Find the domain name from the URL, the first thought is to use regular, and then find the appropriate class library. With the regular parsing there are many incomplete places, the URL has a domain name, domain name suffix has been increasing and so on.
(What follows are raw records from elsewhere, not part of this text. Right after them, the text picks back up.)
lemma chordal_1_le_norm_\<Phi>:
  assumes "\<Phi> w = Some v" and "cmod v \<le> cmod c / 2"
  shows "chordal w (Some 1) \<le> 8 / cmod c * cmod v"
proof (cases w)
  case None
  with assms c_nonzero show ?thesis by simp
next
  case (Some z)
  with assms have "v * (z + 1) = c * (z - 1)" by (simp add: \<Phi>_Some_eq_Some_iff)
  then have "(z - 1) * (c - v) = 2 * v" by (simp add: algebra_simps)
  then have "cmod (z - 1) * cmod (c - v) = 2 * cmod v" by (metis norm_mult norm_numeral)
  moreover have "cmod c / 2 \<le> cmod (c - v)" using norm_triangle_ineq2[of c v] assms(2) by simp
  ultimately have "cmod (z - 1) * (cmod c / 2) \<le> 2 * cmod v"
    by (metis mult_left_mono norm_ge_zero)
  then have "2 * cmod (z - 1) \<le> 8 / cmod c * cmod v" using c_nonzero by (simp add: field_simps)
  then show ?thesis using chordal_Some_le[of z 1] Some by simp
qed

lemma chordal_minus_1_le_inverse_norm_\<Phi>:
  assumes "\<Phi> w = Some v" and "2 * cmod c \<le> cmod v"
  shows "chordal w (Some (-1)) \<le> 8 / cmod v"
proof (cases w)
  case None
  with assms c_nonzero show ?thesis by simp
next
  case (Some z)
  with assms have "v * (z + 1) = c * (z - 1)" by (simp add: \<Phi>_Some_eq_Some_iff)
  then have "(z + 1) * (v - c) = - 2 * c" by (simp add: algebra_simps)
  then have "cmod (z + 1) * cmod (v - c) = 2 * cmod c" by (metis norm_mult norm_minus_cancel norm_numeral mult_minus_left)
  also have "\<dots> \<le> 2" using norm_c_le_1 by simp
  finally have "cmod (z + 1) * cmod (v - c) \<le> 2" .
  moreover have "cmod v / 2 \<le> cmod (v - c)" using norm_triangle_ineq2[of v c] assms(2) by simp
  ultimately have "cmod (z + 1) * (cmod v / 2) \<le> 2"
    by (metis mult_left_mono norm_ge_zero order_trans)
  moreover have "cmod v > 0" using c_nonzero by (intro order_less_le_trans[OF _ assms(2)]) simp
  ultimately have "2 * cmod (z + 1) \<le> 8 / cmod v" by (simp add: field_simps)
  then show ?thesis using chordal_Some_le[of z "-1"] Some by simp
qed

lemma chordal_1_ge_if_norm_\<Phi>_ge:
  assumes "\<Phi> w = Some v" and "1/2 \<le> cmod v"
  shows "1/3 \<le> chordal w (Some 1)"
proof (cases w)
  case None
  then show ?thesis using sqrt2_less_2 by (simp add: chordal_def field_simps)
next
  case (Some z)
  with assms have "cmod v * cmod (z + 1) = cmod c * cmod (z - 1)" by (simp add: norm_\<Phi>_Some)
  moreover have "cmod (z + 1) / 2 \<le> cmod v * cmod (z + 1)"
    using mult_right_mono[OF assms(2), of "cmod (z + 1)"] by simp
  moreover have "cmod c * cmod (z - 1) \<le> cmod (z - 1)"
    using norm_c_le_1 by (simp add: mult_left_le_one_le)
  moreover have "2 \<le> cmod (z + 1) + cmod (z - 1)"
    using norm_triangle_ineq4[of "z + 1" "z - 1"] by simp
  ultimately have far: "2 \<le> 3 * cmod (z - 1)" by linarith
  have "sqrt (1 + (cmod z)^2) \<le> sqrt ((1 + cmod z)^2)"
    by (intro real_sqrt_le_mono) (simp add: power2_eq_square algebra_simps)
  also have "\<dots> \<le> 2 + cmod (z - 1)" using norm_triangle_ineq2[of z 1] by simp
  also have "\<dots> \<le> 4 * cmod (z - 1)" using far by simp
  finally have "sqrt (1 + (cmod z)^2) \<le> 4 * cmod (z - 1)" .
  moreover have "sqrt 2 \<le> 3 / 2"
    by (rule real_le_lsqrt) (simp_all add: power2_eq_square)
  ultimately have "sqrt (1 + (cmod z)^2) * sqrt 2 \<le> 3 * (2 * cmod (z - 1))"
    using mult_mono[of "sqrt (1 + (cmod z)^2)" "4 * cmod (z - 1)" "sqrt 2" "3 / 2"] by simp
  moreover have "0 < sqrt (1 + (cmod z)^2)" by (simp add: add_pos_nonneg)
  ultimately show ?thesis using Some by (simp add: chordal_def field_simps)
qed

lemma iterates_uniformly_tendsto_1:
  assumes "0 \<le> q" "q < 1" "\<epsilon> > 0"
  shows "\<exists>N. \<forall>k\<ge>N. \<forall>y u. \<Phi> y = Some u \<longrightarrow> cmod u \<le> q \<longrightarrow> chordal ((T^^k) y) (Some 1) < \<epsilon>"
proof -
  have "0 < min (cmod c / 2) (\<epsilon> * cmod c / 8)" using c_nonzero assms by simp
  then obtain N where N: "q^N < min (cmod c / 2) (\<epsilon> * cmod c / 8)"
    using real_arch_pow_inv assms by blast
  have "chordal ((T^^k) y) (Some 1) < \<epsilon>" if "k \<ge> N" "\<Phi> y = Some u" "cmod u \<le> q" for k y u
  proof -
    have "cmod (u^(2^k)) \<le> q^(2^k)" using that by (simp add: norm_power power_mono)
    also have "\<dots> \<le> q^k" using assms by (intro power_decreasing) auto
    also have "\<dots> \<le> q^N" using assms that(1) by (intro power_decreasing) auto
    finally have small: "cmod (u^(2^k)) \<le> q^N" .
    have "chordal ((T^^k) y) (Some 1) \<le> 8 / cmod c * cmod (u^(2^k))"
      using small N that(2) by (intro chordal_1_le_norm_\<Phi>) (simp_all add: \<Phi>_iterate)
    also have "\<dots> < 8 / cmod c * (\<epsilon> * cmod c / 8)"
      using small N c_nonzero by (intro mult_strict_left_mono) auto
    finally show ?thesis using c_nonzero by simp
  qed
  then show ?thesis by blast
qed

lemma iterates_uniformly_tendsto_minus_1:
  assumes "1 < Q" "\<epsilon> > 0"
  shows "\<exists>N. \<forall>k\<ge>N. \<forall>y. (\<forall>u. \<Phi> y = Some u \<longrightarrow> Q \<le> cmod u) \<longrightarrow> chordal ((T^^k) y) (Some (-1)) < \<epsilon>"
proof -
  obtain N where N: "max (2 * cmod c) (8 / \<epsilon>) < Q^N" using real_arch_pow assms(1) by blast
  have "chordal ((T^^k) y) (Some (-1)) < \<epsilon>"
    if "k \<ge> N" and y: "\<forall>u. \<Phi> y = Some u \<longrightarrow> Q \<le> cmod u" for k y
  proof (cases "\<Phi> y")
    case None
    then have "(T^^k) y = Some (-1)" by (simp add: \<Phi>_iterate flip: \<Phi>_eq_None_iff)
    with assms show ?thesis by simp
  next
    case (Some u)
    have "Q^N \<le> Q^k" using assms that(1) by (intro power_increasing) auto
    also have "\<dots> \<le> Q^(2^k)" using assms by (intro power_increasing) auto
    also have "\<dots> \<le> cmod (u^(2^k))" using y Some assms by (simp add: norm_power power_mono)
    finally have large: "max (2 * cmod c) (8 / \<epsilon>) < cmod (u^(2^k))" using N by simp
    then have "chordal ((T^^k) y) (Some (-1)) \<le> 8 / cmod (u^(2^k))"
      using Some by (intro chordal_minus_1_le_inverse_norm_\<Phi>) (simp_all add: \<Phi>_iterate)
    also have "\<dots> < \<epsilon>"
      using large assms(2) by (simp add: divide_less_eq mult.commute)
    finally show ?thesis .
  qed
  then show ?thesis by blast
qed

lemma \<Phi>_Some_in_disc_iff:
  "(\<exists>u. \<Phi> (Some z) = Some u \<and> cmod u < q) \<longleftrightarrow> cmod c * cmod (z - 1) < q * cmod (z + 1)"
proof (cases "z = -1")
  case False
  then obtain u where u: "\<Phi> (Some z) = Some u" by (cases "\<Phi> (Some z)") (simp_all add: \<Phi>_eq_None_iff)
  from False have "cmod (z + 1) > 0" by (metis add_eq_0_iff2 zero_less_norm_iff)
  then have "cmod u < q \<longleftrightarrow> cmod c * cmod (z - 1) < q * cmod (z + 1)"
    by (metis norm_\<Phi>_Some[OF u] mult_less_cancel_right_pos)
  with u show ?thesis by auto
qed (simp add: \<Phi>_def)

lemma \<Phi>_Some_outside_disc_iff:
  "(\<forall>u. \<Phi> (Some z) = Some u \<longrightarrow> Q < cmod u) \<longleftrightarrow> Q * cmod (z + 1) < cmod c * cmod (z - 1)"
proof (cases "z = -1")
  case False
  then obtain u where u: "\<Phi> (Some z) = Some u" by (cases "\<Phi> (Some z)") (simp_all add: \<Phi>_eq_None_iff)
  from False have "cmod (z + 1) > 0" by (metis add_eq_0_iff2 zero_less_norm_iff)
  then have "Q < cmod u \<longleftrightarrow> Q * cmod (z + 1) < cmod c * cmod (z - 1)"
    by (metis norm_\<Phi>_Some[OF u] mult_less_cancel_right_pos)
  with u show ?thesis by auto
qed (simp add: \<Phi>_def c_nonzero)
Google found several methods, one is to use the module in Python and the combination of the regular to resolve the domain name, the other is to enable the third party to write a good analytic module directly resolve the domain name.
The URL to resolve
Copy Code code as follows:
URLs = ["http://meiwen.me/src/index.html",
"Http://1000chi.com/game/index.html",
"Http://see.xidian.edu.cn/cpp/html/1429.html",
"Https://docs.python.org/2/howto/regex.html",
"" "https://www.google.com.hk/search?client=aff-cs-360chromium&hs=TSj&q=url%E8%A7%A3%E6%9E%90%E5%9F%9F% E5%90%8DRE&OQ=URL%E8%A7%A3%E6%9E%90%E5%9F%9F%E5%90%8DRE&GS_L=SERP.3 ... 74418.86867.0.87673.28.25.2.0.0.0.541.2454.2-6j0j1j1.8.0 ..... 0...1c.1j4.53.serp.. 26.2.547.IUHTJ4UOYHG "" ",
"File:///D:/code/echarts-2.0.3/doc/example/tooltip.html",
"Http://api.mongodb.org/python/current/faq.html#is-pymongo-thread-safe",
"Https://pypi.python.org/pypi/publicsuffix/",
"http://127.0.0.1:8000"
]
Using the Urlparse+ regular method
Copy Code code as follows:
Import re
From Urlparse import Urlparse
Tophostpostfix = (
'. com ', '. La ', '. Io ', '. Co ', '. Info ', '. Net ', '. org ', '. Me ', '. mobi ',
'. us ', '. Biz ', '. xxx ', '. Ca ', '. co.jp ', '. com.cn ', '. net.cn ',
'. org.cn ', '. mx ' , '. tv ', '. ws ', '. Ag ', '. Com.ag ', '. Net.ag ',
'. Org.ag ', '. am ', '. Asia ', '. at ', '. being ', '. com.br ', '. net.br ',
'. Bz ', '. com.bz ', '. net.bz ', '. CC ', '. com.co ', '. net.co ',
'. Nom.co ', '. de ', '. Es ', '. com.es ', '. nom.es ', '. org.es ',
' EU ', '. FM ', '. Fr ', '. GS ', '. In ', '. co.in ' , '. Firm.in ', '. gen.in ',
'. ind.in ', '. net.in ', '. org.in ', '. it ', '. Jobs ', '. JP ', '. Ms ',
'. com.mx ', '. nl ', '. Nu ', '. co.nz ', '. net.nz ', '. org.nz ',
'. Se ', '. TC ', '. tk ', '. TW ', ' . com.tw ', '. idv.tw ', '. org.tw ',
'. HK ', '. co.uk ', '. me.uk ', '. org.uk ', '. VG ', '. com.hk ')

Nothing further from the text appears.